New Texas law requires boaters to use engine cutoff switch after teen’s death


TRAVIS COUNTY, Texas (KXAN) — A law now in effect across Texas requires boaters to an emergency engine cutoff switch, known as a “kill switch,” if their boat is under 26 feet in length and equipped with the mechanism.

Boat drivers are required to use the cutoff if they’re going faster than headway speed — basically idle speed.

The change comes seven years after a San Antonio 16-year-old, Kali Gorzell, was killed during a fishing trip on the Texas coast when she was thrown from the boat and hit by the propeller. Called “Kali’s Law,” the regulation went into effect Sept. 1.

“Whenever we do a safety inspection, that’s one of the things that we’re going to be looking at for any boats that are less than 26 feet,” said Sgt. Greg Lawson with the Travis County Sheriff’s Office’s Lake Patrol.

Lawson demonstrated the mechanism for KXAN Friday at Lake Travis. The engine cutoff switch attaches to a circuit near the boat’s ignition and then clips to the driver’s life jacket or body. If the driver walks away from the ignition or is thrown overboard, the switch pulls away and immediately cuts off the engines.

“If you don’t have a kill switch and you fall overboard for some reason — and it does happen — your boat’s going to just keep going,” Lawson said. “You’re going to be in the water and hopefully the boat won’t be in a turn and come back at you.”

Lawson remembered a rescue he was involved in back in the 1990s. A woman had bypassed the kill switch on her jet ski, and when she fell off, her life jacket got snagged. She spent a couple hours being dragged around the lake until Lawson and others found her and pulled her to safety.

Someone thrown from a larger boat is at risk of the boat or propeller hitting them.

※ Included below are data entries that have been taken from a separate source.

lemma main_mor_in_hom:
  assumes "A \<in> Ob C" "a \<in> Qo A"
  shows "main_mor A a \<in> hom C A0 (Psio A)"
proof -
  have "Psim eta0 \<in> hom C A0 (Psio A0)"
    using endofunctor_hom[OF Psi eta0] Psi_B0 by simp
  then show ?thesis
    using Cmp_in_hom[OF cat] endofunctor_hom[OF Psi alpha_in_hom[OF Q1 assms]] by blast
qed

lemma main_fun_in:
  assumes "A \<in> Ob C" "a \<in> Qo A"
  shows "s A a \<in> Qo (Psio A)"
  unfolding main_fun_def using set_functor_in[OF Q main_mor_in_hom[OF assms] x0] .

lemma alpha_main_fun:
  assumes "A \<in> Ob C" "a \<in> Qo A"
  shows "alpha C Qm A0 x0 (Psio A) (s A a) = main_mor A a"
  using alpha_eqI[OF Q1 endofunctor_Ob[OF Psi assms(1)] main_mor_in_hom[OF assms]]
    main_fun_in[OF assms] by (simp add: main_fun_def)

lemma inj_on_main_fun:
  assumes A: "A \<in> Ob C"
  shows "inj_on (s A) (Qo A)"
proof
  fix a a' assume a: "a \<in> Qo A" and a': "a' \<in> Qo A" and eq: "s A a = s A a'"
  let ?\<alpha> = "alpha C Qm A0 x0 A a" and ?\<alpha>' = "alpha C Qm A0 x0 A a'"
  have \<alpha>: "?\<alpha> \<in> hom C A0 A" and \<alpha>': "?\<alpha>' \<in> hom C A0 A"
    using alpha_in_hom[OF Q1 A] a a' by auto
  have "main_mor A a = main_mor A a'"
    using alpha_main_fun[OF A a] alpha_main_fun[OF A a'] eq by simp
  then have "Psim (Cmp C ?\<alpha> eta0) = Psim (Cmp C ?\<alpha>' eta0)"
    using endofunctor_Cmp[OF Psi eta0] \<alpha> \<alpha>' by simp
  moreover have "Cmp C ?\<alpha> eta0 \<in> Mor C" "Cmp C ?\<alpha>' eta0 \<in> Mor C"
    using Cmp_in_hom[OF cat eta0] \<alpha> \<alpha>' unfolding hom_def by auto
  ultimately have comp_eq: "Cmp C ?\<alpha> eta0 = Cmp C ?\<alpha>' eta0"
    using Psi_inj by (simp add: inj_on_eq_iff)
  have "Qm ?\<alpha> y = Qm ?\<alpha>' y" if "y \<in> Qo A0" for y
  proof -
    obtain z where z: "z \<in> Qo B0" "y = Qm eta0 z" using eta0_surj \<open>y \<in> Qo A0\<close> by blast
    then show ?thesis
      using comp_eq set_functor_Cmp[OF Q eta0 \<alpha> z(1)] set_functor_Cmp[OF Q eta0 \<alpha>' z(1)]
      by simp
  qed
  then have "?\<alpha> = ?\<alpha>'" using faith \<alpha> \<alpha>' unfolding faithful_def by blast
  then show "a = a'" using alpha_apply[OF Q1 A] a a' by metis
qed

lemma main_fun_natural:
  assumes \<mu>: "\<mu> \<in> hom C A B" and a: "a \<in> Qo A"
  shows "s B (Qm \<mu> a) = Qm (Psim \<mu>) (s A a)"
proof -
  have A: "A \<in> Ob C" and B: "B \<in> Ob C" using hom_Ob[OF cat \<mu>] .
  let ?\<alpha> = "alpha C Qm A0 x0 A a"
  have \<alpha>: "?\<alpha> \<in> hom C A0 A" using alpha_in_hom[OF Q1 A a] .
  have "alpha C Qm A0 x0 B (Qm \<mu> a) = Cmp C \<mu> ?\<alpha>"
    using alpha_eqI[OF Q1 B Cmp_in_hom[OF cat \<alpha> \<mu>]] set_functor_Cmp[OF Q \<alpha> \<mu> x0]
      alpha_apply[OF Q1 A a] set_functor_in[OF Q \<mu> a] by simp
  then have "s B (Qm \<mu> a) = Qm (Cmp C (Cmp C (Psim \<mu>) (Psim ?\<alpha>)) (Psim eta0)) x0"
    unfolding main_fun_def using endofunctor_Cmp[OF Psi \<alpha> \<mu>] by simp
  also have "\<dots> = Qm (Cmp C (Psim \<mu>) (main_mor A a)) x0"
    using Cmp_assoc[OF cat _ endofunctor_hom[OF Psi \<alpha>] endofunctor_hom[OF Psi \<mu>]]
      endofunctor_hom[OF Psi eta0] Psi_B0 by simp
  also have "\<dots> = Qm (Psim \<mu>) (s A a)"
    unfolding main_fun_def
    using set_functor_Cmp[OF Q main_mor_in_hom[OF A a] endofunctor_hom[OF Psi \<mu>] x0] .
  finally show ?thesis .
qed

end

lemma central_function_comp:
  assumes cat: "is_category C" and Q: "is_set_functor C Qo Qm"
    and F: "is_endofunctor C Fo Fm"
    and GF_Ob: "\<And>A. A \<in> Ob C \<Longrightarrow> Go (Fo A) = A"
    and GF_Mor: "\<And>f. f \<in> Mor C \<Longrightarrow> Gm (Fm f) = f"
    and t_bij: "\<forall>A \<in> Ob C. C_bijection C Qo Qm A (Fo A) (t A)"
    and t_nat: "\<And>A B \<mu> x. \<mu> \<in> hom C A B \<Longrightarrow> x \<in> Qo A \<Longrightarrow>
                  Qm (Fm \<mu>) (t A x) = t B (Qm \<mu> x)"
    and u_in: "\<And>B y. B \<in> Ob C \<Longrightarrow> y \<in> Qo B \<Longrightarrow> u B y \<in> Qo (Go B)"
    and u_inj: "\<And>B. B \<in> Ob C \<Longrightarrow> inj_on (u B) (Qo B)"
    and u_nat: "\<And>B B' \<nu> y. \<nu> \<in> hom C B B' \<Longrightarrow> y \<in> Qo B \<Longrightarrow>
                  u B' (Qm \<nu> y) = Qm (Gm \<nu>) (u B y)"
  shows "central_function C Qo Qm (\<lambda>A. u (Fo A) \<circ> t A)"
proof -
  have t_in: "t A x \<in> Qo (Fo A)" if "A \<in> Ob C" "x \<in> Qo A" for A x
    using t_bij that unfolding C_bijection_def by blast
  have d_nat: "u (Fo B) (t B (Qm \<mu> x)) = Qm \<mu> (u (Fo A) (t A x))"
    if \<mu>: "\<mu> \<in> hom C A B" and x: "x \<in> Qo A" for A B \<mu> x
  proof -
    have "u (Fo B) (t B (Qm \<mu> x)) = u (Fo B) (Qm (Fm \<mu>) (t A x))"
      using t_nat[OF \<mu> x] by simp
    also have "\<dots> = Qm (Gm (Fm \<mu>)) (u (Fo A) (t A x))"
      using u_nat[OF endofunctor_hom[OF F \<mu>] t_in[OF hom_Ob(1)[OF cat \<mu>] x]] .
    also have "\<dots> = Qm \<mu> (u (Fo A) (t A x))"
      using GF_Mor \<mu> unfolding hom_def by simp
    finally show ?thesis .
  qed
  have "C_bijection C Qo Qm A A (u (Fo A) \<circ> t A)" if A: "A \<in> Ob C" for A
  proof -
    have FA: "Fo A \<in> Ob C" using endofunctor_Ob[OF F A] .
    have t_inj: "inj_on (t A) (Qo A)" using t_bij A unfolding C_bijection_def by blast
    have "(u (Fo A) \<circ> t A) ` Qo A \<subseteq> Qo A"
      using u_in[OF FA] t_in[OF A] GF_Ob[OF A] by auto
    moreover have "inj_on (u (Fo A) \<circ> t A) (Qo A)"
      using t_in[OF A] by (intro comp_inj_on t_inj inj_on_subset[OF u_inj[OF FA]]) blast
    moreover have "\<alpha>1 = \<alpha>2"
      if \<alpha>1: "\<alpha>1 \<in> hom C A D" and \<alpha>2: "\<alpha>2 \<in> hom C A D"
        and eq: "\<forall>x \<in> Qo A. Qm \<alpha>1 ((u (Fo A) \<circ> t A) x) = Qm \<alpha>2 ((u (Fo A) \<circ> t A) x)" for D \<alpha>1 \<alpha>2
    proof -
      have FD: "Fo D \<in> Ob C" using endofunctor_Ob[OF F hom_Ob(2)[OF cat \<alpha>1]] .
      have "Qm (Fm \<alpha>1) (t A x) = Qm (Fm \<alpha>2) (t A x)" if x: "x \<in> Qo A" for x
      proof (rule inj_onD[OF u_inj[OF FD]])
        show "u (Fo D) (Qm (Fm \<alpha>1) (t A x)) = u (Fo D) (Qm (Fm \<alpha>2) (t A x))"
          using d_nat[OF \<alpha>1 x] d_nat[OF \<alpha>2 x] eq x unfolding t_nat[OF \<alpha>1 x] t_nat[OF \<alpha>2 x]
          by simp
        show "Qm (Fm \<alpha>1) (t A x) \<in> Qo (Fo D)" "Qm (Fm \<alpha>2) (t A x) \<in> Qo (Fo D)"
          using set_functor_in[OF Q endofunctor_hom[OF F] t_in[OF A x]] \<alpha>1 \<alpha>2 by auto
      qed
      then have "Fm \<alpha>1 = Fm \<alpha>2"
        using t_bij A endofunctor_hom[OF F \<alpha>1] endofunctor_hom[OF F \<alpha>2]
        unfolding C_bijection_def by blast
      then show "\<alpha>1 = \<alpha>2" using GF_Mor \<alpha>1 \<alpha>2 unfolding hom_def by (metis mem_Collect_eq)
    qed
    ultimately show ?thesis unfolding C_bijection_def by blast
  qed
  then show ?thesis
    unfolding central_function_def comp_def using d_nat by blast
qed

theorem proposition1:
  fixes C :: "('o,'m) cat" and Qo :: "'o \<Rightarrow> 'x set" and Qm :: "'m \<Rightarrow> 'x \<Rightarrow> 'x"
    and A0 :: 'o and x0 :: 'x
    and Phio :: "'o \<Rightarrow> 'o" and Phim :: "'m \<Rightarrow> 'm"
    and t :: "'o \<Rightarrow> 'x \<Rightarrow> 'x"
    and eta0P :: 'm and eta0I :: 'm
  assumes cat: "is_category C"
    and Q: "is_set_functor C Qo Qm"
    and faith: "faithful C Qo Qm"
    and A0: "A0 \<in> Ob C" and x0: "x0 \<in> Qo A0"
    and Q1: "cond_1Q C Qo Qm A0 x0"
    and Q2: "cond_2Q C Qo Qm A0"
    and Phi: "is_automorphism C Phio Phim"
    and etaP: "eta0_ok C Qo Qm A0 Phio (inv_into (Ob C) Phio) eta0P"
    and etaI: "eta0_ok C Qo Qm A0 (inv_into (Ob C) Phio) Phio eta0I"
    and t_bij: "\<forall>A \<in> Ob C. C_bijection C Qo Qm A (Phio A) (t A)"
    and t_nat: "\<forall>A B \<mu>. \<mu> \<in> hom C A B \<longrightarrow>
                  (\<forall>x \<in> Qo A. Qm (Phim \<mu>) (t A x) = t B (Qm \<mu> x))"
  shows "\<exists>d. central_function C Qo Qm d \<and>
    (\<forall>A \<in> Ob C.
       let sP = main_fun C Qm A0 x0 Phim eta0P A;
           sI = main_fun C Qm A0 x0 (inv_into (Mor C) Phim) eta0I (Phio A);
           c = sP \<circ> sI
       in \<forall>x \<in> Qo A. sP (d A x) \<in> c ` Qo (Phio A)
                   \<and> t A x = inv_into (Qo (Phio A)) c (sP (d A x)))"
proof -
  define Pi where "Pi = inv_into (Ob C) Phio"
  define Mi where "Mi = inv_into (Mor C) Phim"
  have Phi_inv: "is_automorphism C Pi Mi"
    unfolding Pi_def Mi_def by (rule is_automorphism_inv_into[OF cat Phi])
  note Pi_Phi = automorphism_inv_into_f_f_Ob[OF Phi, folded Pi_def]
  note Mi_Phi = automorphism_inv_into_f_f_Mor[OF Phi, folded Mi_def]
  interpret P: main_function C Qo Qm A0 x0 Phio Phim "Pi A0" eta0P
    using cat Q faith x0 Q1 Phi etaP automorphism_f_inv_into_f_Ob[OF Phi A0]
    unfolding main_function_def is_automorphism_def eta0_ok_def bij_betw_def Pi_def by blast
  interpret I: main_function C Qo Qm A0 x0 Pi Mi "Phio A0" eta0I
    using cat Q faith x0 Q1 Phi_inv etaI Pi_Phi[OF A0]
    unfolding main_function_def is_automorphism_def eta0_ok_def bij_betw_def Pi_def by blast
  define d where "d A = I.s (Phio A) \<circ> t A" for A
  have "central_function C Qo Qm d"
    unfolding d_def using t_nat
    by (intro central_function_comp[OF cat Q P.Psi Pi_Phi Mi_Phi t_bij _ I.main_fun_in
          I.inj_on_main_fun I.main_fun_natural]) auto
  moreover have "P.s A (d A x) \<in> (P.s A \<circ> I.s (Phio A)) ` Qo (Phio A)
      \<and> t A x = inv_into (Qo (Phio A)) (P.s A \<circ> I.s (Phio A)) (P.s A (d A x))"
    if A: "A \<in> Ob C" and x: "x \<in> Qo A" for A x
  proof -
    have PhiA: "Phio A \<in> Ob C" using endofunctor_Ob[OF P.Psi A] .
    have "inj_on (P.s A \<circ> I.s (Phio A)) (Qo (Phio A))"
      using I.main_fun_in[OF PhiA] Pi_Phi[OF A]
      by (intro comp_inj_on I.inj_on_main_fun[OF PhiA] inj_on_subset[OF P.inj_on_main_fun[OF A]])
        auto
    moreover have "t A x \<in> Qo (Phio A)" using t_bij A x unfolding C_bijection_def by blast
    ultimately show ?thesis
      unfolding d_def using inv_into_f_f[of "P.s A \<circ> I.s (Phio A)"] by auto
  qed
  ultimately show ?thesis unfolding Let_def Mi_def[symmetric] by blast
qed

end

According to U.S. Coast Guard statistics, 38 people died in Texas boating accidents last year, and another 123 people were hurt.

It’s hard to know for sure, but a spokesperson for the Texas Parks and Wildlife Department, using USCG estimates for how much kill switches reduce harm, said “it would be reasonable to believe that 34 of the fatalities and 95 of the injuries may not have occurred had an engine cutoff switch been employed during operation of the vessel.”

While the Texas law doesn’t require old boats to be retrofitted with kill switches, new boats under 26 feet are required to have them nationwide, thanks to a requirement Congress included in the latest USCG budget authorization bill passed in December 2018.

At South Austin Marine Lakeside, a boat shop a few minutes from Lake Travis, all the boats they sell, except for some of the larger ones, have cutoff switches.

Brian Gardner, a salesman there, said customers have been calling to ask about the new law.

“They’re just asking, you know, are they going to enforce it, which we don’t know that,” Gardner said. “What are the consequences?”

Lawson said they will be enforcing it, starting during routine safety checks they conduct. “Initially we’re going to be using warnings just to get compliance because a lot of people aren’t going to know about this,” he said.

But they will also be writing tickets. The law allows for a $200 fine for not wearing a kill switch.